- Cumberland Location in Washington and the United States Cumberland Cumberland (the United States)
- Coordinates: 47°16′58″N 121°55′37″W﻿ / ﻿47.28278°N 121.92694°W
- Country: United States
- State: Washington
- County: King
- Elevation: 850 ft (260 m)
- Time zone: UTC-8 (Pacific (PST))
- • Summer (DST): UTC-7 (PDT)
- ZIP codes: 98022
- Area code: 360
- GNIS feature ID: 1518407

= Cumberland, Washington =

Unincorporated community in Washington, United States

Cumberland is an unincorporated community in King County, Washington, United States. Originally a mining camp, Cumberland was named by F.X. Schriner in 1893 after the Cumberland coal region of the Appalachian Mountains. Cumberland gained a post office on October 13, 1894. The Enumclaw post office now serves this area. Although many other mining camps in the area have disappeared, Cumberland can still be found in the Cascade foothills between Nolte State Park and Kanaskat-Palmer State Park. It is accessible via Southeast King County backroads. Several smaller mines dotted the area, including the "Navy" mine, and the Hyde mine, located at the outskirts of town.

Cumberland is within the KCFD #28 Fire Department service area, also known as the Enumclaw Fire Department. It is a King County registered voting precinct.

== Cunningham vs Metropolitan Municipality of Seattle ==
In 1989, the county-wide transit and sewage waste municipality known as "Metro" (short for Metropolitan King County), planned a 25-year sewage sludge waste spraying on the 400 acre of woods northwest of the town. Following a grassroots community protest, (which was led by Valerie Cunningham), objections from the Muckleshoot Native American tribe (who are downriver on the nearby Green River), and other environmental groups, the municipality agreed to create an Environmental impact statement (EIS). The EIS showed a number of toxins and heavy metals present in the sewage sludge, and the project was officially cancelled by Metropolitan King County in 1992.

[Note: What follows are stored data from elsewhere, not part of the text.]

lemma sqrt_id_minus_commute:
  assumes T: "bounded_linear T" and commute: "\<And>x. T (N x) = N (T x)"
  shows "T (sqrt_id_minus N x) = sqrt_id_minus N (T x)"
proof -
  have "T ((N ^^ k) y) = (N ^^ k) (T y)" for k y
    by (induction k) (simp_all add: commute)
  then show ?thesis
    unfolding sqrt_id_minus_def
    by (simp add: bounded_linear.suminf[OF T summable_sqrt_terms]
        linear_scale[OF bounded_linear.linear[OF T]])
qed

end

locale self_adjoint_contraction = contraction N
  for N :: "'a::{real_inner, complete_space} \<Rightarrow> 'a" +
  assumes inner_N_sym: "inner (N x) y = inner x (N y)"
begin

lemma inner_funpow_sym: "inner ((N ^^ k) x) y = inner x ((N ^^ k) y)"
proof (induction k arbitrary: y)
  case (Suc k)
  have "inner ((N ^^ Suc k) x) y = inner ((N ^^ k) x) (N y)"
    by (simp add: inner_N_sym)
  also have "\<dots> = inner x ((N ^^ Suc k) y)"
    by (simp add: Suc funpow_swap1)
  finally show ?case .
qed simp

lemma inner_sqrt_id_minus_sym: "inner (sqrt_id_minus N x) y = inner x (sqrt_id_minus N y)"
proof -
  have "inner (sqrt_id_minus N x) y = (\<Sum>k. inner (sqrt_coeff k *\<^sub>R (N ^^ k) x) y)"
    unfolding sqrt_id_minus_def
    by (rule bounded_linear.suminf[OF bounded_linear_inner_left summable_sqrt_terms])
  also have "\<dots> = (\<Sum>k. inner x (sqrt_coeff k *\<^sub>R (N ^^ k) y))"
    by (simp add: inner_funpow_sym)
  also have "\<dots> = inner x (sqrt_id_minus N y)"
    unfolding sqrt_id_minus_def
    by (rule bounded_linear.suminf[OF bounded_linear_inner_right summable_sqrt_terms, symmetric])
  finally show ?thesis .
qed

text \<open>Every term with \<open>k > 0\<close> has a nonpositive coefficient and \<open>\<langle>x, N\<^sup>k x\<rangle> \<le> \<parallel>x\<parallel>\<^sup>2\<close>,
  so the quadratic form is bounded below by \<open>(\<Sum>k. sqrt_coeff k) \<parallel>x\<parallel>\<^sup>2 \<ge> 0\<close>.\<close>
lemma inner_sqrt_id_minus_nonneg: "0 \<le> inner x (sqrt_id_minus N x)"
proof -
  have terms: "summable (\<lambda>k. inner x (sqrt_coeff k *\<^sub>R (N ^^ k) x))"
    by (rule bounded_linear.summable[OF bounded_linear_inner_right summable_sqrt_terms])
  have "sqrt_coeff k * (norm x)\<^sup>2 \<le> inner x (sqrt_coeff k *\<^sub>R (N ^^ k) x)" for k
  proof (cases "k = 0")
    case False
    have "inner x ((N ^^ k) x) \<le> norm x * norm ((N ^^ k) x)"
      by (rule norm_cauchy_schwarz)
    also have "\<dots> \<le> (norm x)\<^sup>2"
      by (simp add: power2_eq_square mult_left_mono norm_funpow_le)
    finally show ?thesis
      using False sqrt_coeff_nonpos[of k] by (simp add: mult_left_mono_neg)
  qed (simp add: power2_norm_eq_inner)
  then have "(\<Sum>k. sqrt_coeff k * (norm x)\<^sup>2) \<le> (\<Sum>k. inner x (sqrt_coeff k *\<^sub>R (N ^^ k) x))"
    using summable_mult2[OF summable_sqrt_coeff] terms by (rule suminf_le)
  also have "\<dots> = inner x (sqrt_id_minus N x)"
    unfolding sqrt_id_minus_def
    by (rule bounded_linear.suminf[OF bounded_linear_inner_right summable_sqrt_terms, symmetric])
  finally have "suminf sqrt_coeff * (norm x)\<^sup>2 \<le> inner x (sqrt_id_minus N x)"
    by (simp add: suminf_mult2[OF summable_sqrt_coeff])
  moreover have "0 \<le> suminf sqrt_coeff * (norm x)\<^sup>2"
    using suminf_sqrt_coeff_nonneg by simp
  ultimately show ?thesis
    by linarith
qed

lemma positive_op_sqrt_id_minus: "positive_op (sqrt_id_minus N)"
  unfolding positive_op_def self_adjoint_op_def
  using bounded_linear_sqrt_id_minus inner_sqrt_id_minus_sym inner_sqrt_id_minus_nonneg by blast

end

lemma linear_coeff_zero_if_quadratic_nonneg:
  fixes a b :: real
  assumes "\<And>t. 0 \<le> t * a + t\<^sup>2 * b"
  shows "a = 0"
proof (rule ccontr)
  assume "a \<noteq> 0"
  define c where "c = \<bar>b\<bar> + 1"
  define t where "t = - a / c"
  have "t * c = - a"
    by (simp add: t_def c_def)
  have "(t * a + t\<^sup>2 * b) * c\<^sup>2 = a * (t * c) * c + (t * c)\<^sup>2 * b"
    by (simp add: power2_eq_square algebra_simps)
  also have "\<dots> = a * (- a) * c + (- a)\<^sup>2 * b"
    by (simp only: \<open>t * c = - a\<close>)
  also have "\<dots> = a\<^sup>2 * (b - \<bar>b\<bar> - 1)"
    by (simp add: c_def power2_eq_square algebra_simps)
  also have "\<dots> < 0"
    using \<open>a \<noteq> 0\<close> by (simp add: mult_pos_neg)
  finally show False
    using assms[of t] by (simp add: mult_less_0_iff c_def)
qed

lemma positive_op_apply_eq_0:
  assumes A: "positive_op A" and form: "inner y (A y) = 0"
  shows "A y = 0"
proof -
  have linear_A: "bounded_linear A" and sym: "\<And>x y. inner (A x) y = inner x (A y)"
    and nonneg: "\<And>x. 0 \<le> inner x (A x)"
    using A unfolding positive_op_def self_adjoint_op_def by blast+
  interpret A: bounded_linear A
    by (rule linear_A)
  let ?z = "A y"
  have "inner y (A ?z) = inner ?z ?z"
    by (rule sym[symmetric])
  then have "inner (y + t *\<^sub>R ?z) (A (y + t *\<^sub>R ?z)) = t * (2 * inner ?z ?z) + t\<^sup>2 * inner ?z (A ?z)"
    for t
    using form by (simp add: A.add A.scaleR inner_add_left inner_add_right power2_eq_square
        algebra_simps)
  then have "0 \<le> t * (2 * inner ?z ?z) + t\<^sup>2 * inner ?z (A ?z)" for t
    using nonneg by metis
  then have "2 * inner ?z ?z = 0"
    by (rule linear_coeff_zero_if_quadratic_nonneg)
  then show ?thesis
    by simp
qed

text \<open>Commutation gives \<open>(S + T)(S - T) = S\<^sup>2 - T\<^sup>2 = 0\<close>; positivity then forces
  \<open>S(S - T) = T(S - T) = 0\<close>, so the self-adjoint \<open>S - T\<close> squares to zero.\<close>
lemma commuting_positive_sqrt_unique:
  assumes S: "positive_op S" and T: "positive_op T"
    and square: "\<And>x. S (S x) = T (T x)" and commute: "\<And>x. S (T x) = T (S x)"
  shows "S = T"
proof
  interpret S: bounded_linear S
    using S unfolding positive_op_def self_adjoint_op_def by blast
  interpret T: bounded_linear T
    using T unfolding positive_op_def self_adjoint_op_def by blast
  have sym: "inner (S x) y = inner x (S y)" "inner (T x) y = inner x (T y)" for x y
    using S T unfolding positive_op_def self_adjoint_op_def by blast+
  define D where "D x = S x - T x" for x
  have "S (D x) + T (D x) = 0" for x
    by (simp add: D_def S.diff T.diff square commute)
  then have "inner (D x) (S (D x)) + inner (D x) (T (D x)) = 0" for x
    by (metis inner_add_right inner_zero_right)
  moreover have "0 \<le> inner x (S x)" "0 \<le> inner x (T x)" for x
    using S T unfolding positive_op_def by blast+
  ultimately have "inner (D x) (S (D x)) = 0 \<and> inner (D x) (T (D x)) = 0" for x
    by (metis add_nonneg_eq_0_iff)
  then have "D (D x) = 0" for x
    using S T positive_op_apply_eq_0 unfolding D_def[of "D x"] by (metis diff_self)
  moreover have "inner (D x) (D x) = inner x (D (D x))" for x
    by (simp add: D_def S.diff T.diff inner_diff_left inner_diff_right sym)
  ultimately show "S x = T x" for x
    by (simp add: D_def)
qed

lemma op_adj_eqI:
  assumes "\<And>x y. inner (X x) y = inner x (Y y)"
  shows "op_adj X = Y"
  unfolding op_adj_def
proof (rule the_equality)
  fix Z assume "\<forall>x y. inner (X x) y = inner x (Z y)"
  then have "inner (Z y - Y y) (Z y - Y y) = 0" for y
    using assms by (simp add: inner_diff_left inner_diff_right inner_commute)
  then show "Z = Y"
    by auto
qed (use assms in blast)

In the aftermath of the sewage sludge fight, Valerie Cunningham and the Anti-Sludge Committee realized that the Metropolitan Municipality of Seattle Council "Metro" did not represent the rural communities fairly. Some Metro districts had two representatives, some had four representatives. Therefore, the Metro Council districts did not have a one-person, one vote representation.
The American Civil Liberties Union represented Ms. Cunningham in a class action lawsuit, which she won. The results were that the King County voters decided to combine the Metropolitan Municipality of Seattle council with the King County council.

== Defend and Preserve Cumberland ==
In 2003, multiple parcels of land were sold to SEGALE PROPERTIES LLC from Plum Creek Timber. During this time multiple environmental group attempted to add the land to the nearby Green River Gorge State Park but were unsuccessful. In 2021 a Pre-Application was submitted for a planned a near 1,000 acre mine just to the immediate north of Cumberland. According to the SEPA submitted to King County, the company estimated the life of the mine to be 25–35 years and would remove a potential 55-million tons of aggregate over the life of the mine. The initial fees were paid on 01/04/2024 and the Filed Application number became GRDE23-0083. The public notice was confirmed on February 1, 2024 and mailed to local residents on February 6. With limited time, local residents came together in collective effort against the purposed project. Local historian Zachary Pratt summed up the mood of the room with the quote, "Coal mining in the area ended in 1999... mining needs to stay in our past". Segale would counter by claiming "a lot of misinformation" was being spread in the community. On February 27, 2024 Segale held a required public meeting at the Black Diamond Elementary School which lead to a wider outcry from residents beyond Cumberland. As part of the public coming together, the Concerned Citizens of Cumberland, a grassroots nonprofit organization(originally established in 1989 by Valerie Cunningham), and later Defend Cumberland, arose as a collective effort between several members of the local and regional area.
Defend Cumberland works in close relationship with the Enumclaw Plateau Community Association.
Several local cities, towns, fire and school districts, private, state, county and federal organizations expressed concerns for the project, with road safety, environmental, water and wildlife concerns all cited as heightened concerns.